(* Let $P$ be a distribution on $\mathcal X\times\mathcal Y$, where every $\mathbf x\in\mathcal X\subseteq\mathbb R^d$ satisfies $\|\mathbf x\|\le1$ and $\mathcal Y=\{-1,+1\}$ or $[-1,1]$, and let $(\mathbf x_1,y_1),\dots,(\mathbf x_n,y_n)$ be i.i.d. from $P$. Let $R>0$, $\mathscr W=\{\mathbf w\in\mathbb R^d:\|\mathbf w\|\le R\}$, let $\ell:\mathbb R\to\mathbb R_+$ be a convex loss, $\alpha$-exp-concave on $|z|\le R$, with $|\ell'(z)|\le G$. Let $\mathcal L(\mathbf w)=\mathrm E[\ell(y\mathbf w^\top\mathbf x)]$, $\mathbf w_*\in\arg\min_{\mathscr W}\mathcal L$, and let $\widehat{\mathbf w}_*$ be a solution of $\min_{\mathbf w\in\mathscr W}\frac1n\sum_{i=1}^n\ell(y_i\mathbf w^\top\mathbf x_i)$. Let $\rho(\mathbf w)=\frac1{2R}\sqrt{\mathrm E[(\mathbf x^\top(\mathbf w-\mathbf w_* ))^2]}$ and $\widehat\rho=\rho(\widehat{\mathbf w}_* )$. Then for any $t>0$, with probability at least $1-2me^{-t}$, where $m=\lceil\log n\rceil$, \[ \mathcal L(\widehat{\mathbf w}_* )-\mathcal L(\mathbf w_* )\le GR\left(26\left[\widehat\rho\sqrt{\frac{\widetilde t}{n}}+\frac{\widetilde t}{n}\right]+6\widehat\rho\sqrt{\frac{\widetilde t}{n}}+\frac{2\widetilde t}{n}\right)+\frac{3\widetilde t}{n}, \] where $\widetilde t=t+2+d\log n$.
   Context: $\alpha$-exp-concave means $z\mapsto\exp(-\alpha\ell(z))$ is concave for some $\alpha>0$. Expectations are over $(\mathbf x,y)\sim P$. *)

theory Defs
  imports "HOL-Probability.Probability"
begin

definition exp_concave_on :: "real \<Rightarrow> real set \<Rightarrow> (real \<Rightarrow> real) \<Rightarrow> bool" where
  "exp_concave_on \<alpha> S loss \<longleftrightarrow> \<alpha> > 0 \<and> concave_on S (\<lambda>z. exp (- \<alpha> * loss z))"

definition pop_risk :: "((real^'d) \<times> real) measure \<Rightarrow> (real \<Rightarrow> real) \<Rightarrow> real^'d \<Rightarrow> real" where
  "pop_risk P loss w = (\<integral>z. loss (snd z * (w \<bullet> fst z)) \<partial>P)"

definition emp_risk :: "nat \<Rightarrow> (nat \<Rightarrow> (real^'d) \<times> real) \<Rightarrow> (real \<Rightarrow> real) \<Rightarrow> real^'d \<Rightarrow> real" where
  "emp_risk n S loss w = (1 / real n) * (\<Sum>i<n. loss (snd (S i) * (w \<bullet> fst (S i))))"

definition rho :: "((real^'d) \<times> real) measure \<Rightarrow> real \<Rightarrow> real^'d \<Rightarrow> real^'d \<Rightarrow> real" where
  "rho P R wstar w = (1 / (2 * R)) * sqrt (\<integral>z. (fst z \<bullet> (w - wstar))\<^sup>2 \<partial>P)"

end

theory Submission
  imports Defs
begin

(* Since |l'| \<le> G and |x|, |y| \<le> 1, the excess loss l(y v.x) - l(y wstar.x) is bounded by
   G |v - wstar| and has second moment at most G^2 E[(x.(v - wstar))^2].  Bernstein's inequality
   (from the moment generating function bound exp y \<le> 1 + y + y^2 for y \<le> 1) controls the
   deviation of its empirical mean at each of the n^d points of a net of the ball with resolution
   d R / n \<le> R t~/n, and the union bound costs n^d e^(-t~) = e^(-t-2).  The empirical minimiser lies
   within d R / n of a net point, and Lipschitz continuity in w transfers the deviation bound to it.
   If G = 0 or n \<le> t~, the trivial bound 2 G R already suffices. *)

section \<open>Bernstein's inequality for i.i.d. sums\<close>

lemma exp_le_one_plus_self_plus_square:
  fixes y :: real
  assumes "y \<le> 1"
  shows "exp y \<le> 1 + y + y\<^sup>2"
proof (cases "0 \<le> y")
  case True
  with assms show ?thesis by (intro exp_bound)
next
  case False
  have "exp y * (1 - y) \<le> exp y * exp (- y)"
    using exp_ge_add_one_self[of "- y"] by (intro mult_left_mono) auto
  also have "\<dots> = 1" by (simp add: exp_minus)
  also have "\<dots> \<le> 1 - y * y\<^sup>2"
    using False by (simp add: mult_nonpos_nonneg)
  also have "\<dots> = (1 + y + y\<^sup>2) * (1 - y)"
    by (simp add: algebra_simps power2_eq_square)
  finally show ?thesis using False by (simp add: mult_le_cancel_right)
qed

##############################

## Problem requirements
Each line from the one that includes "using False by (simp add: mult_nonpos_nonneg)" down to the close of the records above is to be given again exactly, and no other line is to appear.

## Written answer
    using False by (simp add: mult_nonpos_nonneg)
  also have "\<dots> = (1 + y + y\<^sup>2) * (1 - y)"
    by (simp add: algebra_simps power2_eq_square)
  finally show ?thesis using False by (simp add: mult_le_cancel_right)
qed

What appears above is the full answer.